As the Group of Twenty finance ministers and central bank governors meet in Germany this week, policymakers are looking to increase investment in Africa.
“The German finance ministry realizes that if we do not invest heavily now in the education, employment and empowerment of this generation of Africans, the international community—above all—European neighbors to Africa, will profoundly regret it.”
Drummond says there have been several moments in recent history when the world has come together in response to what’s both the opportunity and jeopardy of the situation of the continent, but it’s unclear which one of those situations is going to win.
“Is it that there’s a massive opportunity to invest in this generation of youth, in order to harness a demographic dividend? That is usually an opportunity for an economy to grow rapidly, but only if that youth boom has had adequate nutrition, healthcare, access to education, and in turn access to employment and opportunity.”
Absent those things, Drummond says African youth will be profoundly frustrated and angry, and we could see a very grim couple of decades on the continent.
“Instead of seeing a demographic dividend, we’ll have a period of demographic destabilization and mass displacement. And that is something I think is of grave interest, particularly to policymakers in Europe right now.”
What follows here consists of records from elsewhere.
(* Let $R$ be a commutative ring of characteristic zero and $P \subseteq R$ a subsemiring (i.e. $P + P \subseteq P$, $PP \subseteq P$, $0, 1 \in P$). Suppose that there is $v \in P$ such that for every $a \in R$ there is $p \in \mathbb{N}[X]$ with $p(v) - a \in P$. Then for every $a \in R$, the following are equivalent: (1) $f(a) \geq 0$ for every ring homomorphism $f : R \to \mathbb{R}$ with $f(P) \subseteq \mathbb{R}_+$. (2) For every $r \in \mathbb{R}_+$ and $\varepsilon > 0$, there exist a polynomial $q \in \mathbb{N}[X]$, an element $w \in P$ and $n \in \mathbb{N}_{>0}$ such that $q(r) \leq \varepsilon n$ and $(1 + w)\,(n\,a + q(v)) \in P$.
   Context: $\mathbb{N}_{>0}$ denotes the positive integers; $q(v)$ denotes evaluation of $q$ at $v$ in $R$ and $q(r)$ evaluation at the real number $r$. *)

theory Defs
  imports Complex_Main "HOL-Computational_Algebra.Polynomial"
begin

definition ring_hom_real :: "('a::comm_ring_1 \<Rightarrow> real) \<Rightarrow> bool" where
  "ring_hom_real f \<longleftrightarrow>
     (\<forall>x y. f (x + y) = f x + f y) \<and> (\<forall>x y. f (x * y) = f x * f y) \<and> f 1 = 1"

definition eval_nat_poly :: "nat poly \<Rightarrow> 'a::comm_semiring_1 \<Rightarrow> 'a" where
  "eval_nat_poly p x = poly (map_poly of_nat p) x"

end

(*
  Fix r >= 0 and call a certified at r if it satisfies the condition of (2) for every
  epsilon > 0. The certified elements form a subsemiring containing P, and it is
  archimedean: m - v is certified for every integer m > r (telescope m^(J+1) - v^(J+1)),
  and every element lies below some q(v).

  For an archimedean subsemiring S the Positivstellensatz of Kadison-Dubois and Krivine
  holds: if f b > 0 for every ring homomorphism f : R -> real that is nonnegative on S, then
  K b is in S for some K > 0. Otherwise no t b lies in 1 + S, so Zorn's lemma gives a maximal
  S-module containing S and -b but not -1; it is total, and the Dedekind cut of each x
  against the fractions p/q is a homomorphism f with f b <= 0.

  If a satisfies (1), the Positivstellensatz applied to the certified elements and to
  b = n a + 1 certifies every n a + 1, hence a. Conversely, applying f to a certificate at
  r = f v gives f a >= -epsilon.
*)
theory Submission
  imports Defs
begin

lemma eval_nat_poly_0 [simp]: "eval_nat_poly 0 x = 0"
  by (simp add: eval_nat_poly_def)

lemma eval_nat_poly_pCons [simp]: "eval_nat_poly (pCons c p) x = of_nat c + x * eval_nat_poly p x"
  by (simp add: eval_nat_poly_def map_poly_pCons)

lemma eval_nat_poly_add: "eval_nat_poly (p + q) x = eval_nat_poly p x + eval_nat_poly q x"
  by (induction p q rule: poly_induct2) (simp_all add: algebra_simps)

lemma eval_nat_poly_smult: "eval_nat_poly (smult c p) x = of_nat c * eval_nat_poly p x"
  by (induction p) (simp_all add: algebra_simps)

lemma eval_nat_poly_mult: "eval_nat_poly (p * q) x = eval_nat_poly p x * eval_nat_poly q x"
  by (induction p) (simp_all add: eval_nat_poly_add eval_nat_poly_smult algebra_simps)

lemma eval_nat_poly_monom [simp]: "eval_nat_poly (monom c k) x = of_nat c * x ^ k"
  by (simp add: eval_nat_poly_def map_poly_monom poly_monom)
lemma tinner_tsvd:
  assumes "teq n p l A (tprod p l (tprod p l U S) (ttrans l V))"
  shows "tinner n p l A Q = tinner p p l S (tprod n l (ttrans l U) (tprod p l Q V))"
proof -
  have "tinner n p l A Q = tinner n p l (tprod p l U S) (tprod p l Q (ttrans l (ttrans l V)))"
    using assms by (simp add: tinner_cong[OF _ teq_refl] tinner_tprod_right)
  also have "\<dots> = tinner n p l (tprod p l U S) (tprod p l Q V)"
    by (intro tinner_cong teq_refl tprod_cong ttrans_ttrans)
  also have "\<dots> = tinner p p l S (tprod n l (ttrans l U) (tprod p l Q V))"
    by (rule tinner_tprod_left)
  finally show ?thesis .
qed

theorem mainTheorem17:
  fixes n p l :: nat and A U S V :: tensor
  assumes "n \<ge> p"
    and "compact_tsvd n p l A U S V"
  shows "tprod p l U (ttrans l V) \<in> tStiefel n p l \<and>
         (\<forall>Q \<in> tStiefel n p l. tinner n p l A Q \<le> tinner n p l A (tprod p l U (ttrans l V)))"
proof -
  define P where "P = tprod p l U (ttrans l V)"
  have U: "U \<in> tStiefel n p l" and V: "torthogonal p l V" and S: "fdiag p l S"
    and dft: "\<forall>i<p. \<forall>k<l. Im (tdft l S i i k) = 0 \<and> 0 \<le> Re (tdft l S i i k)"
    and A: "teq n p l A (tprod p l (tprod p l U S) (ttrans l V))"
    using assms(2) unfolding compact_tsvd_def by blast+
  have VtV: "teq p p l (tprod p l (ttrans l V) V) tid"
    using V unfolding torthogonal_def by blast
  have P: "P \<in> tStiefel n p l"
    unfolding P_def using U torthogonal_ttrans[OF V]
    by (intro tprod_in_tStiefel) (simp_all add: torthogonal_def)
  have "teq n p l (tprod p l P V) U"
    unfolding P_def using teq_trans[OF tprod_assoc teq_trans[OF tprod_cong[OF teq_refl VtV] tprod_tid]] .
  then have "teq p p l (tprod n l (ttrans l U) (tprod p l P V)) (tprod n l (ttrans l U) U)"
    by (rule tprod_cong[OF teq_refl])
  also have "teq p p l \<dots> tid"
    using U unfolding tStiefel_def by simp
  finally have AP: "tinner n p l A P = tinner p p l S tid"
    unfolding tinner_tsvd[OF A] by (rule tinner_cong[OF teq_refl])
  have "tinner n p l A Q \<le> tinner n p l A P" if "Q \<in> tStiefel n p l" for Q
    unfolding tinner_tsvd[OF A, of Q] AP
    using S dft by (intro tinner_tStiefel_le[OF _ _ U tprod_in_tStiefel[OF that VtV]]
        ttrans_fdiag_teq tinner_tprod_fdiag_nonneg) auto
  then show ?thesis
    using P unfolding P_def by blast
qed

end
(* Let $G$ be a finitely generated subgroup of $\mathrm{Aut}(X^* )$. Then $G$ has well-approximated subgroups if and only if $G$ is LERF and has the congruence subgroup property.
   Context: $X^*$ is the free monoid on a finite set $X$, viewed as a rooted tree; $X^n$ is level $n$, $\mathrm{Aut}(X^* )$ the group of prefix-preserving bijections, and $\mathrm{st}_G(n)$ the subgroup of $G$ fixing every vertex of $X^n$. $G$ has well-approximated subgroups if $\bigcap_{n\ge0}H\,\mathrm{st}_G(n)=H$ for every finitely generated $H\le G$. $G$ is LERF if every finitely generated subgroup is an intersection of finite index subgroups. $G$ has the congruence subgroup property if every finite index subgroup of $G$ contains $\mathrm{st}_G(n)$ for some $n$. *)

theory Defs
  imports "HOL-Algebra.Algebra" "HOL-Library.Sublist"
begin

text \<open>The alphabet X is the universe of a finite type 'a; X^* is 'a list.
  Aut(X^*): bijections of X^* preserving the prefix relation (in both directions),
  a group under composition.\<close>

definition AutT :: "('a list \<Rightarrow> 'a list) monoid" where
  "AutT = \<lparr>carrier = {g. bij g \<and> (\<forall>u v. prefix u v \<longleftrightarrow> prefix (g u) (g v))},
           monoid.mult = (\<circ>), one = id\<rparr>"

definition grp :: "('a list \<Rightarrow> 'a list) set \<Rightarrow> ('a list \<Rightarrow> 'a list) monoid" where
  "grp G = AutT\<lparr>carrier := G\<rparr>"

definition st :: "('a list \<Rightarrow> 'a list) set \<Rightarrow> nat \<Rightarrow> ('a list \<Rightarrow> 'a list) set" where
  "st G n = {g \<in> G. \<forall>v. length v = n \<longrightarrow> g v = v}"

definition fg_subgroup_of_Aut :: "('a list \<Rightarrow> 'a list) set \<Rightarrow> bool" where
  "fg_subgroup_of_Aut G \<longleftrightarrow> subgroup G AutT \<and>
     (\<exists>S. finite S \<and> S \<subseteq> G \<and> generate AutT S = G)"

definition fg_sub :: "('a list \<Rightarrow> 'a list) set \<Rightarrow> ('a list \<Rightarrow> 'a list) set \<Rightarrow> bool" where
  "fg_sub H G \<longleftrightarrow> subgroup H (grp G) \<and>
     (\<exists>S. finite S \<and> S \<subseteq> H \<and> generate (grp G) S = H)"

definition finite_index :: "('a list \<Rightarrow> 'a list) set \<Rightarrow> ('a list \<Rightarrow> 'a list) set \<Rightarrow> bool" where
  "finite_index K G \<longleftrightarrow> subgroup K (grp G) \<and> finite (rcosets\<^bsub>grp G\<^esub> K)"

definition well_approximated :: "('a list \<Rightarrow> 'a list) set \<Rightarrow> bool" where
  "well_approximated G \<longleftrightarrow>
     (\<forall>H. fg_sub H G \<longrightarrow> (\<Inter>n. H <#>\<^bsub>grp G\<^esub> st G n) = H)"

definition LERF :: "('a list \<Rightarrow> 'a list) set \<Rightarrow> bool" where
  "LERF G \<longleftrightarrow>
     (\<forall>H. fg_sub H G \<longrightarrow> (\<exists>\<K>. (\<forall>K\<in>\<K>. finite_index K G) \<and> H = \<Inter>\<K>))"

definition CSP :: "('a list \<Rightarrow> 'a list) set \<Rightarrow> bool" where
  "CSP G \<longleftrightarrow> (\<forall>K. finite_index K G \<longrightarrow> (\<exists>n. st G n \<subseteq> K))"

end

theory Submission
  imports Defs
begin

(* The level stabiliser st_G(n) is the kernel of the action of G on the finite level X^n, so it is a
   normal subgroup of finite index and every H st_G(n) is a finite index subgroup containing H; this
   gives LERF from well-approximation, and conversely, given LERF and the congruence subgroup
   property, each finite index K \<supseteq> H contains some H st_G(n).
   For the congruence subgroup property, a finite index subgroup K is finitely generated by Schreier's
   lemma, so K = \<Inter>n K st_G(n). The K st_G(n) form a decreasing sequence of unions of the finitely
   many cosets of K, hence K st_G(N) = K for some N, i.e. st_G(N) \<subseteq> K. *)

lemma AutT_simps [simp]:
  "carrier AutT = {g. bij g \<and> (\<forall>u v. prefix u v \<longleftrightarrow> prefix (g u) (g v))}"
  "monoid.mult AutT = (\<circ>)" "one AutT = id"
  by (simp_all add: AutT_def)

lemma group_AutT: "group (AutT :: ('a list \<Rightarrow> 'a list) monoid)"
proof (rule groupI)
  fix x y :: "'a list \<Rightarrow> 'a list"
  assume "x \<in> carrier AutT" "y \<in> carrier AutT"
  then show "x \<otimes>\<^bsub>AutT\<^esub> y \<in> carrier AutT"
    by (simp add: bij_comp)
next
  fix x :: "'a list \<Rightarrow> 'a list"
  assume "x \<in> carrier AutT"
  then have "bij x" and "\<And>u v. prefix u v \<longleftrightarrow> prefix (x u) (x v)"
    by simp_all
  then have "Hilbert_Choice.inv x \<in> carrier AutT" and "Hilbert_Choice.inv x \<circ> x = id"
    by (auto simp: bij_imp_bij_inv bij_is_inj) (metis bij_inv_eq_iff)+
  then show "\<exists>y\<in>carrier AutT. y \<otimes>\<^bsub>AutT\<^esub> x = \<one>\<^bsub>AutT\<^esub>"
    by auto
qed (auto simp: comp_assoc)
lemma energy_lower_bound:
  assumes w: "w \<in> Adm"
  shows "- (real (Suc n) * measure M (space M)) - (\<Sum>i\<le>n. \<integral>x. \<bar>\<mu> i x\<bar> \<partial>M) \<le> energy w"
proof -
  have "- measure M (space M) \<le> (\<integral>x. ent (w i x) \<partial>M)" if i: "i \<le> n" for i
    using abs_integral_le_measure_space[OF ess_bounded_integrable[OF
          volume_fractions_ent_ess_bounded[OF w i]] AE_volume_fractions_abs_ent_le_one[OF w i]]
    by simp
  then have "(\<Sum>i\<le>n. - measure M (space M)) \<le> entropy_energy M n w"
    unfolding entropy_energy_def by (intro sum_mono) auto
  then have entropy: "- (real (Suc n) * measure M (space M)) \<le> entropy_energy M n w"
    by simp
  have "(\<integral>x. \<mu> i x * w i x \<partial>M) \<le> (\<integral>x. \<bar>\<mu> i x\<bar> \<partial>M)" if i: "i \<le> n" for i
  proof (rule integral_mono_AE)
    show "integrable M (\<lambda>x. \<mu> i x * w i x)"
      by (rule integrable_mult_ess_bounded[OF integrable_potential[OF i]
            volume_fractions_ess_bounded[OF w i]])
    show "integrable M (\<lambda>x. \<bar>\<mu> i x\<bar>)"
      using integrable_potential[OF i] by simp
    show "AE x in M. \<mu> i x * w i x \<le> \<bar>\<mu> i x\<bar>"
      using AE_volume_fractions_unit[OF w]
    proof eventually_elim
      case (elim x)
      then have "\<bar>\<mu> i x\<bar> * \<bar>w i x\<bar> \<le> \<bar>\<mu> i x\<bar> * 1"
        using i by (intro mult_left_mono) auto
      then show ?case
        using abs_ge_self[of "\<mu> i x * w i x"] unfolding abs_mult by linarith
    qed
  qed
  then have "potential_energy M n \<mu> w \<le> (\<Sum>i\<le>n. \<integral>x. \<bar>\<mu> i x\<bar> \<partial>M)"
    unfolding potential_energy_def by (intro sum_mono) auto
  moreover have "0 \<le> interaction_energy M n c K w"
    by (intro interaction_energy_nonneg volume_fractions_ess_bounded[OF w])
  ultimately show ?thesis
    using entropy energy_split[OF w] by linarith
qed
Drummond also tells us about his recent trip to north-east Nigeria, where he saw first-hand the consequence of a generation of neglect and bad governance, and where extremist ideologies have taken root.
“I wrote recently about a woman we met called Amina, a twenty-year-old mother of six who lost her husband to Boko Haram. There are tens of millions of Aminas across that part of the continent that deserve our respect and dignified investments that help them change their fate. And it will also change the rest of ours too.”